Nothing, absolutely nothing, is immune from state interference. Not even in the Land of the Free. Not even the past.

The original story here seems to be the tip of a bureaucratic iceberg. Last weeks further comment from the New York Times (which I can not find online, sorry):

[A]t the [US] National Archives, documents have been disappearing since 1999 because intelligence officials have wanted them to. And under the terms of two disturbing agreements – with the C.I.A. and the Air Force – the National Archives has been allowing officials to reclassify declassified documents, which means removing them from the public eye. So far 55,000 pages, some of them from the 1950’s [sic], have vanished. […]

What makes all this seem preposterous is that the agreements themselves prohibit the National Archives from revealing why the documents were removed. They are aparently secret enough that no-one can be told why they are secret – so secret, in fact, that the arrangement to reclassify them is also secret. According to the agreement with the C.I.A., employees are also prohibited from telling anyone that the C.I.A. was responsible for removing reclassified documents.

Next time you hear that saw about the price of freedom being eternal vigilance, remember eternity is outside time. You do not just have to keep watch on this moment.

5 comments to Minitru USA

  • It’s so, so, SO secret, the CIA–or somebody–erased all the preceding comments!

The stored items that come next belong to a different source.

lemma one_le_powr_mult_norm_powr:
  fixes x y :: "'a :: real_normed_vector"
  assumes "x \<noteq> y" "norm (x - y) \<le> R" "0 \<le> b"
  shows "1 \<le> R powr b * norm (x - y) powr -b"
proof -
  have "norm (x - y) powr b * norm (x - y) powr -b = 1"
    using assms by (simp flip: powr_add)
  moreover have "norm (x - y) powr b \<le> R powr b"
    using assms by (intro powr_mono2) auto
  ultimately show ?thesis
    by (metis mult_right_mono powr_ge_zero)
qed

lemma le_weighted_Phi_on_balls:
  fixes g :: "real^2 \<Rightarrow> real"
  assumes g_nonneg: "\<And>x. 0 \<le> g x" and "0 < e" "0 < a"
    and "x \<in> ball x0 r" "y \<in> ball x0 (2 * r)"
  shows "ennreal (g x) \<le> ennreal (1 + e) * ennreal (g y)
    + ennreal ((1 + 1 / e) * (3 * r) powr (2 + a)) * (Phi (g x) (g y) * ennreal (norm (x - y) powr -(2 + a)))"
proof (cases "x = y")
  case True
  have "g x \<le> (1 + e) * g x"
    using assms g_nonneg[of x] by (simp add: distrib_right)
  then have "ennreal (g x) \<le> ennreal (1 + e) * ennreal (g x)"
    using assms g_nonneg[of x] by (simp add: ennreal_leI flip: ennreal_mult del: ennreal_plus)
  then show ?thesis
    using True by (simp add: add_increasing2)
next
  case False
  have "norm (x - y) \<le> 3 * r"
    using assms norm_triangle_ineq[of "x - x0" "x0 - y"] by (simp add: dist_norm norm_minus_commute)
  then have "1 \<le> (3 * r) powr (2 + a) * norm (x - y) powr -(2 + a)"
    using False assms by (intro one_le_powr_mult_norm_powr) auto
  then show ?thesis
    using le_weighted_Phi[OF g_nonneg g_nonneg \<open>0 < e\<close>] by simp
qed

  • The back story here is that the Clinton administration declassified a bunch of stuff over the objections of the intelligence community back in the mid-90’s. Then they reversed themselves and decided that some of it needed to be classified.

    Unfortunately, there is no means or reclassifying just the important stuff without signaling that it is in fact important. so they end up reclassifying a bunch of innocuous stuff to hide the critical materials. This makes the entire process look silly to those unfamiliar with how real intelligence works.

    None of us viewing the problem from the outside can judge whether the reclassifications are justified or not because we have no idea what pattern the spooks are trying to hide.

  • Mike Lorrey

    Actually, there are some things you can still find online in public hands that are reclassified in government hands. For instance, the official reports on Project Pluto (nuclear rocket propulsion) have been reclassified, as have a number of other reports to do with nuclear technology. But there are other things as well: the wholesale cancellation and suppression of entirely peaceful nuke technologies, like space based nuke-electric Brayton Cycle generators, radioisotope Stirling generators: things which have been developed since the Clinton declassification program of the early 1990’s, were wholly in the public domain, but have since disappeared.

  • guy herbert

    What they are trying to do is obvious, Shannon Love. Whether it is reasonable to permit them to do it is another question.

    I submit that how intelligence agencies really work has no direct relationship to real intelligence. Knowledge is power, but the exercise of power is not evidence of knowledge, though the prestige of the security sector depends on its sponsors believing that it is.

  • Steve Ely

    Guy, though you’re unable to find online the NY Time article from which you quote in this post, could you possibly cite the date of the specific article?